(* Consider a $k$-armed Bernoulli bandit in which the reward of arm $a\in\{1,\dots,k\}$ is distributed as $\mathrm{Bernoulli}(\theta_a)$ with unknown $\theta_a\in[0,1]$, and consider the stochastic-dominance Thompson sampling algorithm (SD\_TS) described below. Let $D$ denote the total variation distance. Then SD\_TS is $(2,0,0)$-subjectively fair with respect to $D$; that is, with probability $1$, for every round $t$ and every pair of arms $i,j$, $$D(\pi_t(i)\,\|\,\pi_t(j)) \le 2\, D(r_i(h^t)\,\|\,r_j(h^t)).$$
   Context: Algorithm SD\_TS: for each arm $a$ initialise $S_a=F_a=1/2$. In each round $t=1,2,\dots$: for each arm $a$, sample $\theta_a(t)\sim\mathrm{Beta}(S_a,F_a)$, then sample $\tilde r_a(t)\sim\mathrm{Bernoulli}(\theta_a(t))$; play $a_t=\arg\max_a \tilde r_a(t)$ (ties broken uniformly at random); observe the true reward $r_{a_t}(t)$ of the played arm and set $S_{a_t}\leftarrow S_{a_t}+1$ if $r_{a_t}(t)=1$, else $F_{a_t}\leftarrow F_{a_t}+1$. Notation: $h^t=(a_1,r_{a_1}(1),\dots,a_t,r_{a_t}(t))$ is the history; $\pi_t(i)$ is the probability (given the history) that the algorithm plays arm $i$ in round $t$. The decision maker's initial belief is the uninformed prior $\mathrm{Beta}(1/2,1/2)$ on each $\theta_i$, with posterior $\beta(\theta_i\mid h^t)$; the marginal (posterior predictive) reward distribution of arm $i$ is $r_i(h^t)=\int P(r_i\mid\theta_i)\,d\beta(\theta_i\mid h^t)$. For numbers $p,q\in[0,1]$, $D(p\|q)$ denotes the divergence between the Bernoulli distributions with parameters $p$ and $q$. Definition: a bandit process is $(\epsilon_1,\epsilon_2,\delta)$-subjectively fair w.r.t. a divergence $D$ ($\epsilon_1,\epsilon_2\ge0$, $0\le\delta\le1$) if with probability at least $1-\delta$, for every round $t$ and every pair of arms $i,j$, $D(\pi_t(i)\|\pi_t(j))\le \epsilon_1 D(r_i(h^t)\|r_j(h^t))+\epsilon_2$. *)

theory Defs
  imports "HOL-Probability.Probability"
begin

text \<open>Arms are 1..k. A history is a list of (played arm, observed reward) pairs.\<close>

definition succ_cnt :: "(nat \<times> bool) list \<Rightarrow> nat \<Rightarrow> nat" where
  "succ_cnt h a = length (filter (\<lambda>(b, r). b = a \<and> r) h)"

definition fail_cnt :: "(nat \<times> bool) list \<Rightarrow> nat \<Rightarrow> nat" where
  "fail_cnt h a = length (filter (\<lambda>(b, r). b = a \<and> \<not> r) h)"

definition S_par :: "(nat \<times> bool) list \<Rightarrow> nat \<Rightarrow> real" where
  "S_par h a = 1/2 + real (succ_cnt h a)"

definition F_par :: "(nat \<times> bool) list \<Rightarrow> nat \<Rightarrow> real" where
  "F_par h a = 1/2 + real (fail_cnt h a)"

definition beta_dens :: "real \<Rightarrow> real \<Rightarrow> real \<Rightarrow> real" where
  "beta_dens S F \<theta> =
     (if 0 < \<theta> \<and> \<theta> < 1 then \<theta> powr (S - 1) * (1 - \<theta>) powr (F - 1) / Beta S F else 0)"

definition beta_measure :: "real \<Rightarrow> real \<Rightarrow> real measure" where
  "beta_measure S F = density lborel (\<lambda>\<theta>. ennreal (beta_dens S F \<theta>))"

definition sample_prob :: "real \<Rightarrow> real \<Rightarrow> real" where
  "sample_prob S F =
     measure (beta_measure S F \<bind> (\<lambda>\<theta>. measure_pmf (bernoulli_pmf \<theta>))) {True}"

definition argmax_set :: "nat set \<Rightarrow> (nat \<Rightarrow> bool) \<Rightarrow> nat set" where
  "argmax_set A x = {a \<in> A. \<forall>b\<in>A. x b \<le> x a}"

text \<open>Distribution of the arm played by SD_TS given history h: the sampled rewards are
  independent across arms; ties broken uniformly at random.\<close>
definition play_pmf :: "nat \<Rightarrow> (nat \<times> bool) list \<Rightarrow> nat pmf" where
  "play_pmf k h =
     Pi_pmf {1..k} False (\<lambda>a. bernoulli_pmf (sample_prob (S_par h a) (F_par h a)))
       \<bind> (\<lambda>x. pmf_of_set (argmax_set {1..k} x))"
────────
### TASK DIRECTIONS
Exact copy required. Repeat the material above in full.

### RESPONSE BELOW
(* Consider a $k$-armed Bernoulli bandit in which the reward of arm $a\in\{1,\dots,k\}$ is distributed as $\mathrm{Bernoulli}(\theta_a)$ with unknown $\theta_a\in[0,1]$, and consider the stochastic-dominance Thompson sampling algorithm (SD\_TS) described below. Let $D$ denote the total variation distance. Then SD\_TS is $(2,0,0)$-subjectively fair with respect to $D$; that is, with probability $1$, for every round $t$ and every pair of arms $i,j$, $$D(\pi_t(i)\,\|\,\pi_t(j)) \le 2\, D(r_i(h^t)\,\|\,r_j(h^t)).$$
   Context: Algorithm SD\_TS: for each arm $a$ initialise $S_a=F_a=1/2$. In each round $t=1,2,\dots$: for each arm $a$, sample $\theta_a(t)\sim\mathrm{Beta}(S_a,F_a)$, then sample $\tilde r_a(t)\sim\mathrm{Bernoulli}(\theta_a(t))$; play $a_t=\arg\max_a \tilde r_a(t)$ (ties broken uniformly at random); observe the true reward $r_{a_t}(t)$ of the played arm and set $S_{a_t}\leftarrow S_{a_t}+1$ if $r_{a_t}(t)=1$, else $F_{a_t}\leftarrow F_{a_t}+1$. Notation: $h^t=(a_1,r_{a_1}(1),\dots,a_t,r_{a_t}(t))$ is the history; $\pi_t(i)$ is the probability (given the history) that the algorithm plays arm $i$ in round $t$. The decision maker's initial belief is the uninformed prior $\mathrm{Beta}(1/2,1/2)$ on each $\theta_i$, with posterior $\beta(\theta_i\mid h^t)$; the marginal (posterior predictive) reward distribution of arm $i$ is $r_i(h^t)=\int P(r_i\mid\theta_i)\,d\beta(\theta_i\mid h^t)$. For numbers $p,q\in[0,1]$, $D(p\|q)$ denotes the divergence between the Bernoulli distributions with parameters $p$ and $q$. Definition: a bandit process is $(\epsilon_1,\epsilon_2,\delta)$-subjectively fair w.r.t. a divergence $D$ ($\epsilon_1,\epsilon_2\ge0$, $0\le\delta\le1$) if with probability at least $1-\delta$, for every round $t$ and every pair of arms $i,j$, $D(\pi_t(i)\|\pi_t(j))\le \epsilon_1 D(r_i(h^t)\|r_j(h^t))+\epsilon_2$. *)

theory Defs
  imports "HOL-Probability.Probability"
begin

text \<open>Arms are 1..k. A history is a list of (played arm, observed reward) pairs.\<close>

definition succ_cnt :: "(nat \<times> bool) list \<Rightarrow> nat \<Rightarrow> nat" where
  "succ_cnt h a = length (filter (\<lambda>(b, r). b = a \<and> r) h)"

definition fail_cnt :: "(nat \<times> bool) list \<Rightarrow> nat \<Rightarrow> nat" where
  "fail_cnt h a = length (filter (\<lambda>(b, r). b = a \<and> \<not> r) h)"

definition S_par :: "(nat \<times> bool) list \<Rightarrow> nat \<Rightarrow> real" where
  "S_par h a = 1/2 + real (succ_cnt h a)"

definition F_par :: "(nat \<times> bool) list \<Rightarrow> nat \<Rightarrow> real" where
  "F_par h a = 1/2 + real (fail_cnt h a)"

definition beta_dens :: "real \<Rightarrow> real \<Rightarrow> real \<Rightarrow> real" where
  "beta_dens S F \<theta> =
     (if 0 < \<theta> \<and> \<theta> < 1 then \<theta> powr (S - 1) * (1 - \<theta>) powr (F - 1) / Beta S F else 0)"

definition beta_measure :: "real \<Rightarrow> real \<Rightarrow> real measure" where
  "beta_measure S F = density lborel (\<lambda>\<theta>. ennreal (beta_dens S F \<theta>))"

definition sample_prob :: "real \<Rightarrow> real \<Rightarrow> real" where
  "sample_prob S F =
     measure (beta_measure S F \<bind> (\<lambda>\<theta>. measure_pmf (bernoulli_pmf \<theta>))) {True}"

definition argmax_set :: "nat set \<Rightarrow> (nat \<Rightarrow> bool) \<Rightarrow> nat set" where
  "argmax_set A x = {a \<in> A. \<forall>b\<in>A. x b \<le> x a}"

text \<open>Distribution of the arm played by SD_TS given history h: the sampled rewards are
  independent across arms; ties broken uniformly at random.\<close>
definition play_pmf :: "nat \<Rightarrow> (nat \<times> bool) list \<Rightarrow> nat pmf" where
  "play_pmf k h =
     Pi_pmf {1..k} False (\<lambda>a. bernoulli_pmf (sample_prob (S_par h a) (F_par h a)))
       \<bind> (\<lambda>x. pmf_of_set (argmax_set {1..k} x))"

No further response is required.